*** STORED DATA ***

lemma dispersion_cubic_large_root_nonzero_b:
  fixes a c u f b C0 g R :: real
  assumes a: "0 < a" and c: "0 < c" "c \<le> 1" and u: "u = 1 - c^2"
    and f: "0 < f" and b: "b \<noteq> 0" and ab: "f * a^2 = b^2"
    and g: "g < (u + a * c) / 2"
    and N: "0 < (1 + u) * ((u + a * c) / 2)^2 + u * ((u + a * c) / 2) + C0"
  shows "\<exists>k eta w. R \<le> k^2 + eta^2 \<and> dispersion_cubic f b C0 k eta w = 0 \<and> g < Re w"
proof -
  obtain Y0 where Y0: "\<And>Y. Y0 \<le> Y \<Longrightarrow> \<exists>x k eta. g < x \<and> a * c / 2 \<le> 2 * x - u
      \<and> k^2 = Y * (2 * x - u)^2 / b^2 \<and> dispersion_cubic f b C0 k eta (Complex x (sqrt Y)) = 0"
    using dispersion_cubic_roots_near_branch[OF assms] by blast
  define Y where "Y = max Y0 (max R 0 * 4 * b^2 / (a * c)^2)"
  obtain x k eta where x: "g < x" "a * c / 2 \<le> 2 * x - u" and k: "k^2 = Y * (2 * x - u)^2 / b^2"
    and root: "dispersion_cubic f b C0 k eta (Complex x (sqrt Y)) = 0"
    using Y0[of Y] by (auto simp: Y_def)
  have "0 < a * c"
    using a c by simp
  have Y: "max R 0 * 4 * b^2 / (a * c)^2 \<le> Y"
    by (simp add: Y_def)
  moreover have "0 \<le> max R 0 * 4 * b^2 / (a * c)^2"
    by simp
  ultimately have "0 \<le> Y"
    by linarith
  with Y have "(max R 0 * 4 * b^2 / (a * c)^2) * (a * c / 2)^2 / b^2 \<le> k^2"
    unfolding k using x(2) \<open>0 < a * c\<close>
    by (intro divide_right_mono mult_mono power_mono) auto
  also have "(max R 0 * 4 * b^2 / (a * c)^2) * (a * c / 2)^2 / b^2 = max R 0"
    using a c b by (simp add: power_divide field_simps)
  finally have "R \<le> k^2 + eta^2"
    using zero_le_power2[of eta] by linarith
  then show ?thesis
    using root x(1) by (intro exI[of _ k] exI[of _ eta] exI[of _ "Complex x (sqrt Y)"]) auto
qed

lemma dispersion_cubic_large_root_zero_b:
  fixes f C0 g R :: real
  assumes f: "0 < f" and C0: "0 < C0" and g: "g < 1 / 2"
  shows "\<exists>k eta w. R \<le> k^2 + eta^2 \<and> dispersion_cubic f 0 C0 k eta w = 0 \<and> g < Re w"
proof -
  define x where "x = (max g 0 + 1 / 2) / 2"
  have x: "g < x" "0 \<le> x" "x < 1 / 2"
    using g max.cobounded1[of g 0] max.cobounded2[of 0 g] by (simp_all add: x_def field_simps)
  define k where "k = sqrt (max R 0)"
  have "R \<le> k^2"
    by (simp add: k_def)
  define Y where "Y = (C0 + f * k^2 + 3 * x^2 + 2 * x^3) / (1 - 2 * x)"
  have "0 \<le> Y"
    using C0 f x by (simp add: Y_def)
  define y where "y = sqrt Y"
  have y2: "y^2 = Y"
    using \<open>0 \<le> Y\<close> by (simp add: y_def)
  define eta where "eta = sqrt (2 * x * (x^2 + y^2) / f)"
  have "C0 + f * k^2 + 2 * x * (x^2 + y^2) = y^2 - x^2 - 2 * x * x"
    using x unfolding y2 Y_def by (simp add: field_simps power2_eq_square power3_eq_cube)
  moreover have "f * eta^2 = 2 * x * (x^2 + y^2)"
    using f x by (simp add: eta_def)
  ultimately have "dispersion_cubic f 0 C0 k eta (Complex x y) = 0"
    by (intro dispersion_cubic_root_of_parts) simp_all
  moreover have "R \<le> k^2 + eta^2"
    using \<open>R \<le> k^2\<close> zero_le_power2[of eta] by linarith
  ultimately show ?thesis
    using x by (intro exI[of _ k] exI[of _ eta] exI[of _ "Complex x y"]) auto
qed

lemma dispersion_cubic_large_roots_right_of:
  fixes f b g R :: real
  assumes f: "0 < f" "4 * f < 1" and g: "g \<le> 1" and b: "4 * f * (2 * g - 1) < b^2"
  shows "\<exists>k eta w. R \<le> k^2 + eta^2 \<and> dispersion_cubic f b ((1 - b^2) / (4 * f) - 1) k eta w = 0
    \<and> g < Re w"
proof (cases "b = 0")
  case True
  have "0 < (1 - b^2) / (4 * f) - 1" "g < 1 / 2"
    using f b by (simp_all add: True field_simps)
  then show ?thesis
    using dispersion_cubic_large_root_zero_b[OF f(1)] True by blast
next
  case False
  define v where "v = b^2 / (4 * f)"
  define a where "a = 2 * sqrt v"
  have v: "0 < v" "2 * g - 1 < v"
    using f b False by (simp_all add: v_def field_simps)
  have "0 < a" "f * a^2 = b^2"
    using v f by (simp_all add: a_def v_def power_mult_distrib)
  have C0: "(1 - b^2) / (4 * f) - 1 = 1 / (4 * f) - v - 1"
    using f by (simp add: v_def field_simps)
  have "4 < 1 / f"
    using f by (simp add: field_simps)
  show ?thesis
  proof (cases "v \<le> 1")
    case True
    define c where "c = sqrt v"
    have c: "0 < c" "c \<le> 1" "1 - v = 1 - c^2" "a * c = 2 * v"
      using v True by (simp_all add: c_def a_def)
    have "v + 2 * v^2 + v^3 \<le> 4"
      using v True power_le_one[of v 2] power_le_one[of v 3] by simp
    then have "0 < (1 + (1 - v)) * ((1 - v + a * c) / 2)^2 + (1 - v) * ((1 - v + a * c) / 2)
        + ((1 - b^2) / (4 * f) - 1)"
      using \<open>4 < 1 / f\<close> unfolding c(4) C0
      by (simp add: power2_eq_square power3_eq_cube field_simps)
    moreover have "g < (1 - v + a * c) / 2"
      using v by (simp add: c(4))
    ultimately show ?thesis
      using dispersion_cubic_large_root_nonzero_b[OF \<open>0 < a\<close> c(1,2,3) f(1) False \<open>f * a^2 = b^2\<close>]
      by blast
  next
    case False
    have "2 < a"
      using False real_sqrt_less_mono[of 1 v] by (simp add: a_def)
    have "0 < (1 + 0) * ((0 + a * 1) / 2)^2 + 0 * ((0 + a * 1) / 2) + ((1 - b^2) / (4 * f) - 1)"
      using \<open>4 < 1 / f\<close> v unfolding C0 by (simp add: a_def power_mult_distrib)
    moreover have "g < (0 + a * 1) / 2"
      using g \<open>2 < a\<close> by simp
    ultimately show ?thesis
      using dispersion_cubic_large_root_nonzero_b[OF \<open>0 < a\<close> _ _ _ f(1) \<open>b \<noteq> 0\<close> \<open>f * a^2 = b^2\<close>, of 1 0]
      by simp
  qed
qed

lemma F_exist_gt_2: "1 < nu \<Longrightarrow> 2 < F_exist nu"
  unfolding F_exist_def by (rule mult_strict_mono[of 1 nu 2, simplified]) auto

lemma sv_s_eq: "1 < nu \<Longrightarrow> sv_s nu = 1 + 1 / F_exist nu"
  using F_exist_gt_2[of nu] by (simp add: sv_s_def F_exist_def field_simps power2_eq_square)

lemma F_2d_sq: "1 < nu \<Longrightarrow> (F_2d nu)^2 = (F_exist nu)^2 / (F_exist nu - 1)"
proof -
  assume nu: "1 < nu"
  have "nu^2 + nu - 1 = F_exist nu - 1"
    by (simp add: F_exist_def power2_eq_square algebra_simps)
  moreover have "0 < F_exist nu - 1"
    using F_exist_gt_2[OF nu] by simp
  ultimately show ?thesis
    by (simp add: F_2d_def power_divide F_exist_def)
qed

*** End of STORED DATA ***

If a line of the data contains "exists", copy it out.

  shows "\<exists>k eta w. R \<le> k^2 + eta^2 \<and> dispersion_cubic f b C0 k eta w = 0 \<and> g < Re w"
  obtain Y0 where Y0: "\<And>Y. Y0 \<le> Y \<Longrightarrow> \<exists>x k eta. g < x \<and> a * c / 2 \<le> 2 * x - u
  shows "\<exists>k eta w. R \<le> k^2 + eta^2 \<and> dispersion_cubic f 0 C0 k eta w = 0 \<and> g < Re w"
  shows "\<exists>k eta w. R \<le> k^2 + eta^2 \<and> dispersion_cubic f b ((1 - b^2) / (4 * f) - 1) k eta w = 0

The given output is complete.